Most whales have ordinary tusky teeth in their large jaws.

Those that do not, have tough, pliable strips of baleen hanging from the roofs of their mouths. These whales do not need teeth for biting, chewing or champing. Their remarkable baleen serves as a sieve to sift tiny particles of food from the water. It so happens that these substitute dentures belong to the world's biggest giants.

We call the remarkable whales cetaceans because they are classified in the Family Cetacea. They are grouped as toothed whales and baleen whales. The toothed group includes several giants, plus the smaller dolphins and porpoises. The baleen group includes the humpback and finner whales, the right whale and the blue whale. The baleens are all giants and the enormous blue whale is the largest animal that ever lived in our planet.

Scientists tell us that the remote cetacean ancestors lived on land and returned to live in the sea, long ages ago. There they remained warm blooded mammals and kept their air breathing lungs. But their bodies became streamlined to slide through the water and their limbs were remodeled for swimming. Perhaps the ancestors of the baleen types had ordinary tusky teeth that gradually changed to cope with the special food they sifted from the sea. The toothed whales have rather simple cone shaped teeth on both jaws or on only the lower jaw. They are fine for grabbing squid and shellfish, seals and fishes. The meaty food is gulped down without any chewing.

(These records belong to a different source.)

lemma inverse_concentration_le:
  assumes "zero_error n A" "concentrated n K A" "rand_space n S A"
    "0 < \<tau>" "\<tau> \<le> L" "L \<le> n" "0 < r" "L + (n - r) = 3 * n div 2"
  shows "1 / K \<le> real \<tau> / real r + 2 ^ S * (real L / real n) ^ \<tau>"
proof -
  obtain X where X: "X \<in> subsets_of_card n L"
    and rarely_many: "measure_pmf.prob A {D. \<tau> \<le> card (forced D n L X)}
                        \<le> 2 ^ S * (real L / real n) ^ \<tau>"
    using exists_set_rarely_forcing_many[OF assms(3,5,6)] by blast
  obtain Y where Y: "Y \<subseteq> {1..n}" "card Y = n - r"
    and rarely_elem: "\<forall>a \<in> Y. measure_pmf.prob A
                        {D. a \<in> forced D n L X \<and> card (forced D n L X) < \<tau>} \<le> real \<tau> / real r"
    using exists_completion_rarely_forced[OF X assms(4,7)] by blast
  define xs where "xs = sorted_list_of_set X @ sorted_list_of_set Y"
  have "valid_input n xs"
    unfolding xs_def using X Y assms(8)
    by (intro valid_input_sorted_sets) (auto simp: subsets_of_card_def)
  then obtain a where "is_dup xs a"
    and concentrated: "1 / K \<le> measure_pmf.prob A {D. run_alg D xs = Some a}"
    using assms(2) unfolding concentrated_def by blast
  then have "a \<in> Y"
    using is_dup_sorted_sets(2) finite_mem_subsets_of_card[OF X] finite_subset[OF Y(1)]
    unfolding xs_def by blast
  have "measure_pmf.prob A {D. run_alg D xs = Some a}
        \<le> measure_pmf.prob A ({D. a \<in> forced D n L X \<and> card (forced D n L X) < \<tau>}
                              \<union> {D. \<tau> \<le> card (forced D n L X)})"
    using output_mem_forced[OF assms(1) _ X Y(1)] Y(2) assms(8)
    by (intro measure_pmf.finite_measure_mono_AE)
       (auto simp: AE_measure_pmf_iff xs_def not_le simp del: run_alg.simps)
  also have "\<dots> \<le> measure_pmf.prob A {D. a \<in> forced D n L X \<and> card (forced D n L X) < \<tau>}
                  + measure_pmf.prob A {D. \<tau> \<le> card (forced D n L X)}"
    by (rule measure_Un_le) simp_all
  also have "\<dots> \<le> real \<tau> / real r + 2 ^ S * (real L / real n) ^ \<tau>"
    using rarely_elem \<open>a \<in> Y\<close> rarely_many by (intro add_mono) auto
  finally show ?thesis
    using concentrated by linarith
qed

The baleen tooth substitute is called whalebone, though it is not bony material. It is somewhat like the strips of pliable plastic used to stiffen shirt collars. At one time, this so called whalebone was used to stiffen corsets and such and some people still use it to stiffen fans. It hangs in long strips like a double row of curtains from the roof of a baleen whale's enormous mouth. When his mouth is closed, the pliable strips bend back above his enormous tongue.

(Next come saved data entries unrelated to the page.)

(* Let $q$ be a power of a prime $p$, let $n\geq1$, and write $2n=p^{\ell}n_0$ with integers $\ell\geq0$, $n_0>0$, $\gcd(n_0,p)=1$. Suppose $x^{n_0}-1=g_1(x)g_2(x)\cdots g_t(x)$ with $g_1,\ldots,g_t$ distinct monic irreducible polynomials in $\mathbb{F}_q[x]$ (so $x^{2n}-1=g_1(x)^{p^\ell}\cdots g_t(x)^{p^\ell}$). Then there are exactly $(p^{\ell}+1)^t$ distinct $\mathbb{F}_q$-linear additive conjucyclic codes of length $n$ over $\mathbb{F}_{q^2}$.
   Context: An $\mathbb{F}_q$-linear additive code of length $n$ over $\mathbb{F}_{q^2}$ is an $\mathbb{F}_q$-subspace of $\mathbb{F}_{q^2}^n$; it is conjucyclic if closed under $T(c_0,\ldots,c_{n-1})=(c_{n-1}^q,c_0,\ldots,c_{n-2})$. *)

theory Defs
  imports "HOL-Computational_Algebra.Computational_Algebra" "HOL-Library.Cardinality"
begin

definition conj_shift :: "nat \<Rightarrow> 'Q::field list \<Rightarrow> 'Q list" where
  "conj_shift q c = (if c = [] then [] else (last c ^ q) # butlast c)"

text \<open>An F_q-linear additive conjucyclic code of length n over F_{q^2}: F_q is embedded
  into F_{q^2} via the field embedding emb; the code is an F_q-subspace of F_{q^2}^n
  closed under the conjucyclic shift.\<close>
definition additive_conjucyclic ::
  "('q::field \<Rightarrow> 'Q::field) \<Rightarrow> nat \<Rightarrow> nat \<Rightarrow> 'Q list set \<Rightarrow> bool" where
  "additive_conjucyclic emb q n C \<longleftrightarrow>
     C \<subseteq> {c. length c = n} \<and>
     replicate n 0 \<in> C \<and>
     (\<forall>x\<in>C. \<forall>y\<in>C. map2 (+) x y \<in> C) \<and>
     (\<forall>a. \<forall>x\<in>C. map (\<lambda>z. emb a * z) x \<in> C) \<and>
     (\<forall>x\<in>C. conj_shift q x \<in> C)"

end

theory Submission
  imports Defs
begin

(* Choose w in F_{q^2} with w^q different from w and -w. Then w, w^q is an F_q-basis of F_{q^2}
   in which the Frobenius map x \<mapsto> x^q swaps the two coordinates. Reading the word
   (c_0, ..., c_{n-1}) with c_j = a_j w + a_{n+j} w^q as the residue of
   a_0 + a_1 x + ... + a_{2n-1} x^{2n-1} modulo x^{2n} - 1 turns the conjucyclic shift into
   multiplication by x. Hence the F_q-linear conjucyclic codes are exactly the ideals of
   F_q[x]/(x^{2n} - 1), and they correspond to the monic divisors of
   x^{2n} - 1 = (x^{n_0} - 1)^{p^l} = g_1^{p^l} ... g_t^{p^l}, of which there are (p^l + 1)^t. *)

section \<open>Finite fields\<close>

lemma of_nat_CARD_eq_0: "of_nat CARD('a::{ring_1,finite}) = (0::'a)"
proof -
  have "(\<Sum>x\<in>UNIV. x + 1) = (\<Sum>x\<in>UNIV. x :: 'a)"
    by (rule sum.reindex_bij_witness[of _ "\<lambda>x. x - 1" "\<lambda>x. x + 1"]) auto
  then show ?thesis
    by (simp add: sum.distrib)
qed

lemma CHAR_eq_if_CARD_eq_prime_power:
  assumes "prime p" and "CARD('a::{idom,finite}) = p ^ e"
  shows "CHAR('a) = p"
proof -
  have "prime CHAR('a)"
    by (intro prime_CHAR_semidom finite_imp_CHAR_pos) simp
  moreover have "CHAR('a) dvd p ^ e"
    using of_nat_CARD_eq_0[where 'a='a] assms(2) of_nat_eq_0_iff_char_dvd by metis
  ultimately show ?thesis
    using assms(1) prime_dvd_power primes_dvd_imp_eq by blast
qed

text \<open>Multiplication by a nonzero \<open>x\<close> permutes the nonzero elements.\<close>
lemma power_CARD_eq_self: "(x::'a::{field,finite}) ^ CARD('a) = x"
proof (cases "x = 0")
  case False
  define U where "U = UNIV - {0::'a}"
  have "finite U" "0 \<notin> U"
    by (simp_all add: U_def)
  have "bij_betw ((*) x) U U"
    by (rule bij_betwI[where g = "\<lambda>y. y / x"]) (use False in \<open>auto simp: U_def\<close>)
  then have "\<Prod>U = (\<Prod>y\<in>U. x * y)"
    using prod.reindex_bij_betw[of _ U U "\<lambda>y. y"] by simp
  also have "\<dots> = x ^ card U * \<Prod>U"
    by (simp add: prod.distrib)
  finally have "x ^ card U = 1"
    using \<open>finite U\<close> \<open>0 \<notin> U\<close> by simp
  moreover have "CARD('a) = Suc (card U)"
    using card_Suc_Diff1[of UNIV "0::'a"] by (simp add: U_def)
  ultimately show ?thesis
    by simp
qed simp

lemma card_roots_power_eq_scaled:
  assumes "2 \<le> q"
  shows "card {x::'a::idom. x ^ q = c * x} \<le> q"
proof -
  define P :: "'a poly" where "P = monom 1 q - [:0, c:]"
  have coeff_P: "coeff P i = (if i = q then 1 else if i = 1 then - c else 0)" for i
    using assms by (auto simp: P_def coeff_pCons split: nat.split)
  have "P \<noteq> 0"
    using coeff_P[of q] by auto
  moreover have "degree P \<le> q"
    by (rule degree_le) (use assms in \<open>auto simp: coeff_P\<close>)
  moreover have "{x. x ^ q = c * x} = {x. poly P x = 0}"
    by (auto simp: P_def poly_monom)
  ultimately show ?thesis
    using card_poly_roots_bound[of P] by simp
qed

The whale's baleen and tongue work together to fill his tummy with a ton or so of plankton. This floating seafood salad of tiny plants and animals is his only food. As he swims along, he opens up to let in a flood of plankton rich sea water. As he closes his jaws, his tongue pushes the water through his baleen curtains and the strips sifts out the fragments of food. Actually, he uses his dentures as a soup strainer.

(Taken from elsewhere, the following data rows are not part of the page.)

lemma compact_allocations: "compact (allocations n :: (nat \<Rightarrow> real^'s::finite) set)"
proof -
  define K :: "nat \<Rightarrow> (real^'s) set" where "K i = (if i < n then cbox 0 (\<chi> s. 1) else {0})" for i
  have "compact (K i)" for i
    by (simp add: K_def)
  then have "compactin (product_topology (\<lambda>i. euclidean) UNIV) (PiE UNIV K)"
    by (simp add: compactin_PiE)
  then have "compact (Pi UNIV K)"
    by (simp add: euclidean_product_topology PiE_UNIV_domain)
  moreover have "closed {x :: nat \<Rightarrow> real^'s. (\<Sum>i<n. x i) = (\<chi> s. 1)}"
    by (intro closed_Collect_eq continuous_on_sum continuous_on_product_coordinates continuous_on_const)
  moreover have "allocations n = Pi UNIV K \<inter> {x. (\<Sum>i<n. x i) = (\<chi> s. 1)}"
  proof (intro equalityI subsetI)
    fix x :: "nat \<Rightarrow> real^'s" assume x: "x \<in> allocations n"
    have "x i $ s \<le> 1" if "i < n" for i s
      using member_le_sum[of i "{..<n}" "\<lambda>k. x k $ s"] x that
      by (simp add: allocations_sum_component allocations_def)
    with x show "x \<in> Pi UNIV K \<inter> {x. (\<Sum>i<n. x i) = (\<chi> s. 1)}"
      by (auto simp: allocations_def K_def mem_box_cart)
  next
    fix x :: "nat \<Rightarrow> real^'s" assume x: "x \<in> Pi UNIV K \<inter> {x. (\<Sum>i<n. x i) = (\<chi> s. 1)}"
    then have K: "x i \<in> K i" for i
      by (simp add: Pi_iff)
    have "x i \<in> cbox 0 (\<chi> s. 1)" if "i < n" for i
      using K[of i] that by (simp add: K_def)
    moreover have "x i = 0" if "\<not> i < n" for i
      using K[of i] that by (simp add: K_def)
    ultimately show "x \<in> allocations n"
      using x by (auto simp: allocations_def mem_box_cart)
  qed
  ultimately show ?thesis
    by (simp add: compact_Int_closed)
qed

Most of the baleen whales are on the list of endangered species, likely to become extinct in the not too distant future. The gentle giants have few enemies in the sea but they have been senselessly slaughtered by man, mainly for their oily blubber. The great blue whale may be 100 feet long and weigh 100 tons. Yet whalers have destroyed almost all of them. Some ecologists think that there are not enough of them left to find mates and have children.